CP-154,526 showed good penetration in the different brain tissues, with a maximum already reached after 20 min in the i.v. study. The brain/plasma ratios went up to 2.5 within 1 to 2 h and then slowly decreased, except in the hypothalamus, where the ratio never exceeded 1 and remained stable at this level until 4 h post-treatment. Several hypotheses can be formulated to explain this phenomenon. The blood perfusion is known to be different between the brain regions and, therefore, could influence the penetration of the substance into the brain. Since the transport system is saturable, it can also be supposed that saturation occurred faster in the hypothalamus than in the other brain tissues. Myelin is also distributed differently within the brain and, therefore, increases the lipophilia of the brain regions where it is present in higher concentrations. This means that a lipophilic substance will accumulate more and stay longer in the tissues with high amounts of myelin.

The rat hypothalamus is known to have a lower density of CRF₁ receptors in comparison with other brain tissues, like the brain cortex, whereas the cerebellar cortex displays a higher density of CRF₁ receptors (Chalmers et al., 1995, 1996).
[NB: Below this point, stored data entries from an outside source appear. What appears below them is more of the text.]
(* Let $C$ be a commutative ring, $A$ a $C$-algebra and $n\ge2$. Then $\mathrm{Obst}_{n-1}(A)\supseteq\mathrm{Obst}_n(A)$.
   Context: For $m\ge1$ and each $a\in A$ let $\xi_{1,a},\dots,\xi_{m,a}$ be new commuting central indeterminates, $A[\xi_{m,A}]$ the polynomial algebra over $A$ in all of them, and $I_{m,A}$ the ideal of $A[\xi_{m,A}]$ generated by $a^m+\xi_{1,a}a^{m-1}+\cdots+\xi_{m,a}$, $a\in A$. Define $\mathrm{Obst}_m(A)=A\cap I_{m,A}$. *)

theory Defs
  imports "HOL-Library.Poly_Mapping"
begin

text \<open>Polynomials over a (possibly noncommutative) ring 'a in commuting central
indeterminates indexed by nat \<times> 'a: the indeterminate xi_{i,a} is indexed by (i,a).\<close>

type_synonym 'a xipoly = "((nat \<times> 'a) \<Rightarrow>\<^sub>0 nat) \<Rightarrow>\<^sub>0 'a"

definition xconst :: "'a::ring_1 \<Rightarrow> 'a xipoly" where
  "xconst a = Poly_Mapping.single 0 a"

definition xvar :: "nat \<Rightarrow> 'a::ring_1 \<Rightarrow> 'a xipoly" where
  "xvar i a = Poly_Mapping.single (Poly_Mapping.single (i, a) 1) 1"

definition polyring :: "nat \<Rightarrow> 'a::ring_1 xipoly set" where
  "polyring m = {p. \<forall>mon \<in> Poly_Mapping.keys p. \<forall>v \<in> Poly_Mapping.keys mon. 1 \<le> fst v \<and> fst v \<le> m}"

definition is_ideal_in :: "'b::ring set \<Rightarrow> 'b set \<Rightarrow> bool" where
  "is_ideal_in R J \<longleftrightarrow> J \<subseteq> R \<and> 0 \<in> J \<and> (\<forall>x\<in>J. \<forall>y\<in>J. x + y \<in> J) \<and> (\<forall>x\<in>J. - x \<in> J)
     \<and> (\<forall>r\<in>R. \<forall>x\<in>J. r * x \<in> J \<and> x * r \<in> J)"

definition ideal_gen_in :: "'b::ring set \<Rightarrow> 'b set \<Rightarrow> 'b set" where
  "ideal_gen_in R S = \<Inter> {J. is_ideal_in R J \<and> S \<subseteq> J}"

definition gen_poly :: "nat \<Rightarrow> 'a::ring_1 \<Rightarrow> 'a xipoly" where
  "gen_poly m a = xconst a ^ m + (\<Sum>i\<in>{1..m}. xvar i a * xconst a ^ (m - i))"

definition I_ideal :: "nat \<Rightarrow> 'a::ring_1 xipoly set" where
  "I_ideal m = ideal_gen_in (polyring m) (range (gen_poly m))"

text \<open>Obst_m(A) = A \<inter> I_{m,A}, with A identified with the constant polynomials.\<close>
definition Obst :: "nat \<Rightarrow> 'a::ring_1 set" where
  "Obst m = {a. xconst a \<in> I_ideal m}"

definition is_algebra_map :: "('c::comm_ring_1 \<Rightarrow> 'a::ring_1) \<Rightarrow> bool" where
  "is_algebra_map f \<longleftrightarrow> f 0 = 0 \<and> f 1 = 1 \<and> (\<forall>x y. f (x + y) = f x + f y)
     \<and> (\<forall>x y. f (x * y) = f x * f y) \<and> (\<forall>c b. f c * b = b * f c)"

end

theory Submission
  imports Defs
begin

text \<open>Setting xi_{n,a} := 0 for every a is a ring homomorphism A[xi_{n,A}] \<rightarrow> A[xi_{n-1,A}]
that fixes A. It sends the generator a^n + xi_{1,a} a^{n-1} + ... + xi_{n,a} to
(a^{n-1} + xi_{1,a} a^{n-2} + ... + xi_{n-1,a}) a, a multiple of a generator of I_{n-1,A};
hence it maps I_{n,A} into I_{n-1,A}, and being the identity on A it maps A \<inter> I_{n,A}
into A \<inter> I_{n-1,A}.\<close>

lemma keys_add_nat:
  "Poly_Mapping.keys (f + g :: 'b \<Rightarrow>\<^sub>0 nat) = Poly_Mapping.keys f \<union> Poly_Mapping.keys g"
  by (auto simp: in_keys_iff lookup_add)

lemma lookup_mult_double_sum:
  "Poly_Mapping.lookup (p * q) m =
     (\<Sum>l. \<Sum>r. Poly_Mapping.lookup p l * Poly_Mapping.lookup q r when m = l + r)"
proof -
  have "finite {r. (Poly_Mapping.lookup q r when m = l + r) \<noteq> 0}" for l
    by (rule finite_subset[of _ "Poly_Mapping.keys q"]) (auto simp: in_keys_iff)
  then show ?thesis
    unfolding lookup_mult by (simp add: Sum_any_right_distrib mult_when)
qed

lemma keys_mult_all:
  assumes "\<forall>mon \<in> Poly_Mapping.keys p. P mon" and "\<forall>mon \<in> Poly_Mapping.keys q. P mon"
    and "\<And>a b. P a \<Longrightarrow> P b \<Longrightarrow> P (a + b)"
  shows "\<forall>mon \<in> Poly_Mapping.keys (p * q). P mon"
  using assms keys_mult[of p q] by blast

lemma polyring_iff:
  "p \<in> polyring n \<longleftrightarrow>
     (\<forall>mon \<in> Poly_Mapping.keys p. \<forall>v \<in> Poly_Mapping.keys mon. fst v \<in> {1..n})"
  unfolding polyring_def by simp

lemma polyring_add: "p \<in> polyring n \<Longrightarrow> q \<in> polyring n \<Longrightarrow> p + q \<in> polyring n"
  unfolding polyring_iff using keys_add[of p q] by blast

lemma polyring_mult: "p \<in> polyring n \<Longrightarrow> q \<in> polyring n \<Longrightarrow> p * q \<in> polyring n"
  unfolding polyring_iff by (erule keys_mult_all) (auto simp: keys_add_nat)

lemma polyring_uminus: "p \<in> polyring n \<Longrightarrow> - p \<in> polyring n"
  unfolding polyring_iff by simp

lemma polyring_zero: "0 \<in> polyring n"
  unfolding polyring_def by simp

lemma polyring_one: "1 \<in> polyring n"
  unfolding polyring_def by simp

lemma polyring_power: "p \<in> polyring n \<Longrightarrow> p ^ j \<in> polyring n"
  by (induction j) (simp_all add: polyring_mult polyring_one)

lemma polyring_sum: "(\<And>i. i \<in> S \<Longrightarrow> f i \<in> polyring n) \<Longrightarrow> sum f S \<in> polyring n"
  by (induction S rule: infinite_finite_induct) (simp_all add: polyring_add polyring_zero)

lemma xconst_in_polyring: "xconst a \<in> polyring n"
  unfolding polyring_def xconst_def by simp

lemma xvar_in_polyring: "i \<in> {1..n} \<Longrightarrow> xvar i a \<in> polyring n"
  unfolding polyring_def xvar_def by simp

lemma gen_poly_in_polyring: "gen_poly n a \<in> polyring n"
  unfolding gen_poly_def
  by (intro polyring_add polyring_power polyring_sum polyring_mult xconst_in_polyring
      xvar_in_polyring)

lemma is_ideal_in_polyring: "is_ideal_in (polyring n) (polyring n)"
  unfolding is_ideal_in_def
  by (simp add: polyring_zero polyring_add polyring_mult polyring_uminus)

lemma ideal_gen_in_least: "is_ideal_in R J \<Longrightarrow> S \<subseteq> J \<Longrightarrow> ideal_gen_in R S \<subseteq> J"
  unfolding ideal_gen_in_def by blast

lemma ideal_gen_in_superset: "S \<subseteq> ideal_gen_in R S"
  unfolding ideal_gen_in_def by blast

lemma is_ideal_in_ideal_gen_in:
  assumes "is_ideal_in R R" and "S \<subseteq> R"
  shows "is_ideal_in R (ideal_gen_in R S)"
proof -
  have "ideal_gen_in R S \<subseteq> R"
    using assms by (rule ideal_gen_in_least)
  then show ?thesis
    unfolding is_ideal_in_def by (auto simp: ideal_gen_in_def is_ideal_in_def)
qed

lemma is_ideal_in_vimage:
  assumes "is_ideal_in R R" and "is_ideal_in R' J" and "f ` R \<subseteq> R'"
    and f_add: "\<And>x y. f (x + y) = f x + f y" and f_mult: "\<And>x y. f (x * y) = f x * f y"
  shows "is_ideal_in R {x \<in> R. f x \<in> J}"
proof -
  have "f 0 = 0"
    using f_add[of 0 0] by simp
  moreover have "f (- x) = - f x" for x
    using f_add[of x "- x"] \<open>f 0 = 0\<close> by (simp add: eq_neg_iff_add_eq_0 add.commute)
  ultimately show ?thesis
    using assms(1,2) \<open>f ` R \<subseteq> R'\<close> unfolding is_ideal_in_def
    by (auto simp: f_add f_mult)
qed

lemma is_ideal_in_I_ideal: "is_ideal_in (polyring n) (I_ideal n)"
  unfolding I_ideal_def
  by (rule is_ideal_in_ideal_gen_in[OF is_ideal_in_polyring]) (auto simp: gen_poly_in_polyring)

definition monom_vars_le :: "nat \<Rightarrow> ((nat \<times> 'a) \<Rightarrow>\<^sub>0 nat) \<Rightarrow> bool" where
  "monom_vars_le k mon \<longleftrightarrow> (\<forall>v \<in> Poly_Mapping.keys mon. fst v \<le> k)"

lemma monom_vars_le_add: "monom_vars_le k (l + r) \<longleftrightarrow> monom_vars_le k l \<and> monom_vars_le k r"
  unfolding monom_vars_le_def keys_add_nat by blast

definition kill_xvars_above :: "nat \<Rightarrow> 'a::ring_1 xipoly \<Rightarrow> 'a xipoly" where
  "kill_xvars_above k p =
     Abs_poly_mapping (\<lambda>mon. Poly_Mapping.lookup p mon when monom_vars_le k mon)"

lemma lookup_kill_xvars_above:
  "Poly_Mapping.lookup (kill_xvars_above k p) mon =
     (Poly_Mapping.lookup p mon when monom_vars_le k mon)"
proof -
  have "finite {mon. (Poly_Mapping.lookup p mon when monom_vars_le k mon) \<noteq> 0}"
    by (rule finite_subset[of _ "Poly_Mapping.keys p"]) (auto simp: in_keys_iff)
  then show ?thesis
    unfolding kill_xvars_above_def by simp
qed

lemma kill_xvars_above_add:
  "kill_xvars_above k (p + q) = kill_xvars_above k p + kill_xvars_above k q"
  by (rule poly_mapping_eqI) (simp add: lookup_kill_xvars_above lookup_add when_add_distrib)

lemma kill_xvars_above_mult:
  "kill_xvars_above k (p * q) = kill_xvars_above k p * kill_xvars_above k q"
proof (rule poly_mapping_eqI)
  fix m
  let ?lk = "Poly_Mapping.lookup"
  have "((?lk p l when monom_vars_le k l) * (?lk q r when monom_vars_le k r) when m = l + r)
      = (?lk p l * ?lk q r when m = l + r when monom_vars_le k m)" for l r
    by (auto simp: when_def monom_vars_le_add)
  then have "?lk (kill_xvars_above k p * kill_xvars_above k q) m
      = (\<Sum>l. \<Sum>r. ?lk p l * ?lk q r when m = l + r when monom_vars_le k m)"
    by (simp add: lookup_mult_double_sum lookup_kill_xvars_above)
  also have "\<dots> = ?lk (kill_xvars_above k (p * q)) m"
    by (cases "monom_vars_le k m") (simp_all add: lookup_mult_double_sum lookup_kill_xvars_above)
  finally show "?lk (kill_xvars_above k (p * q)) m = ?lk (kill_xvars_above k p * kill_xvars_above k q) m"
    by simp
qed

lemma kill_xvars_above_one: "kill_xvars_above k 1 = 1"
  by (rule poly_mapping_eqI) (simp add: lookup_kill_xvars_above monom_vars_le_def lookup_one when_def)

lemma kill_xvars_above_power: "kill_xvars_above k (p ^ j) = kill_xvars_above k p ^ j"
  by (induction j) (simp_all add: kill_xvars_above_one kill_xvars_above_mult)

lemma kill_xvars_above_sum:
  "kill_xvars_above k (sum f S) = (\<Sum>i\<in>S. kill_xvars_above k (f i))"
proof (induction S rule: infinite_finite_induct)
  case (infinite S)
  then show ?case
    by (simp add: poly_mapping_eqI lookup_kill_xvars_above)
qed (simp_all add: kill_xvars_above_add poly_mapping_eqI lookup_kill_xvars_above)

lemma kill_xvars_above_xconst: "kill_xvars_above k (xconst a) = xconst a"
  by (rule poly_mapping_eqI)
    (simp add: lookup_kill_xvars_above monom_vars_le_def xconst_def lookup_single when_def)

lemma kill_xvars_above_xvar: "kill_xvars_above k (xvar i a) = (if i \<le> k then xvar i a else 0)"
  by (rule poly_mapping_eqI)
    (auto simp: lookup_kill_xvars_above monom_vars_le_def xvar_def lookup_single when_def)

lemma keys_kill_xvars_above:
  "Poly_Mapping.keys (kill_xvars_above k p) = {mon \<in> Poly_Mapping.keys p. monom_vars_le k mon}"
  by (auto simp: in_keys_iff lookup_kill_xvars_above)

lemma kill_xvars_above_in_polyring: "p \<in> polyring n \<Longrightarrow> kill_xvars_above k p \<in> polyring k"
  unfolding polyring_iff keys_kill_xvars_above monom_vars_le_def by auto

lemma kill_xvars_above_gen_poly:
  "kill_xvars_above k (gen_poly (Suc k) a) = gen_poly k a * xconst a"
proof -
  let ?x = "xconst a"
  have "(\<Sum>i\<in>{1..Suc k}. kill_xvars_above k (xvar i a) * ?x ^ (Suc k - i))
      = (\<Sum>i\<in>{1..k}. xvar i a * ?x ^ (Suc k - i))"
    by (simp add: kill_xvars_above_xvar)
  also have "\<dots> = (\<Sum>i\<in>{1..k}. xvar i a * ?x ^ (k - i)) * ?x"
    unfolding sum_distrib_right
    by (rule sum.cong) (simp_all add: Suc_diff_le mult.assoc power_commutes)
  finally show ?thesis
    unfolding gen_poly_def
    by (simp add: kill_xvars_above_add kill_xvars_above_sum kill_xvars_above_mult
        kill_xvars_above_power kill_xvars_above_xconst distrib_right power_commutes)
qed

lemma kill_xvars_above_I_ideal:
  assumes "p \<in> I_ideal (Suc k)"
  shows "kill_xvars_above k p \<in> I_ideal k"
proof -
  let ?J = "{p \<in> polyring (Suc k). kill_xvars_above k p \<in> I_ideal k}"
  have "is_ideal_in (polyring (Suc k)) ?J"
    by (rule is_ideal_in_vimage[OF is_ideal_in_polyring is_ideal_in_I_ideal])
      (auto simp: kill_xvars_above_in_polyring kill_xvars_above_add kill_xvars_above_mult)
  moreover have "gen_poly k a * xconst a \<in> I_ideal k" for a
  proof -
    have "gen_poly k a \<in> I_ideal k"
      unfolding I_ideal_def using ideal_gen_in_superset by blast
    then show ?thesis
      using is_ideal_in_I_ideal[of k] xconst_in_polyring unfolding is_ideal_in_def by blast
  qed
  then have "range (gen_poly (Suc k)) \<subseteq> ?J"
    by (auto simp: gen_poly_in_polyring kill_xvars_above_gen_poly)
  ultimately have "I_ideal (Suc k) \<subseteq> ?J"
    unfolding I_ideal_def by (rule ideal_gen_in_least)
  then show ?thesis
    using assms by blast
qed

theorem lemma2p24:
  fixes alg :: "'c::comm_ring_1 \<Rightarrow> 'a::ring_1" and n :: nat
  assumes "is_algebra_map alg" and "n \<ge> 2"
  shows "(Obst n :: 'a set) \<subseteq> Obst (n - 1)"
proof
  fix a :: 'a
  assume "a \<in> Obst n"
  moreover have "n = Suc (n - 1)"
    using \<open>n \<ge> 2\<close> by simp
  ultimately have "xconst a \<in> I_ideal (Suc (n - 1))"
    unfolding Obst_def by simp
  then have "kill_xvars_above (n - 1) (xconst a) \<in> I_ideal (n - 1)"
    by (rule kill_xvars_above_I_ideal)
  then show "a \<in> Obst (n - 1)"
    by (simp add: Obst_def kill_xvars_above_xconst)
qed

end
It is not clear whether the concentrations of CP-154,526 are a reflection of the receptor's densities, but since CP-154,526 is a highly specific CRF₁ receptor antagonist (Schulz et al., 1996), the possible consequences of the lower hypothalamus and higher cerebellum concentrations of CP-154,526 on its pharmacological activity have to be examined.

In the p.o. study, the concentration ratios still increased 8 h after application (Fig. 4), but no significant differences within the brain regions were observed. Differences between brain tissues seen only in the i.v. trial, where the concentrations are about 10-fold higher than in the p.o. experiment, suggest that a saturation occurs at high concentrations.

In summary, CP-154,526 has been proven to cross the blood-brain barrier in a saturable way well. Correlative studies between behavioral and brain concentrations should be undertaken to determine the minimal brain concentration required for activity, especially for p.o. studies, where the oral bioavailability of 27% can lead to subtherapeutic concentrations in the brain if not taken into account.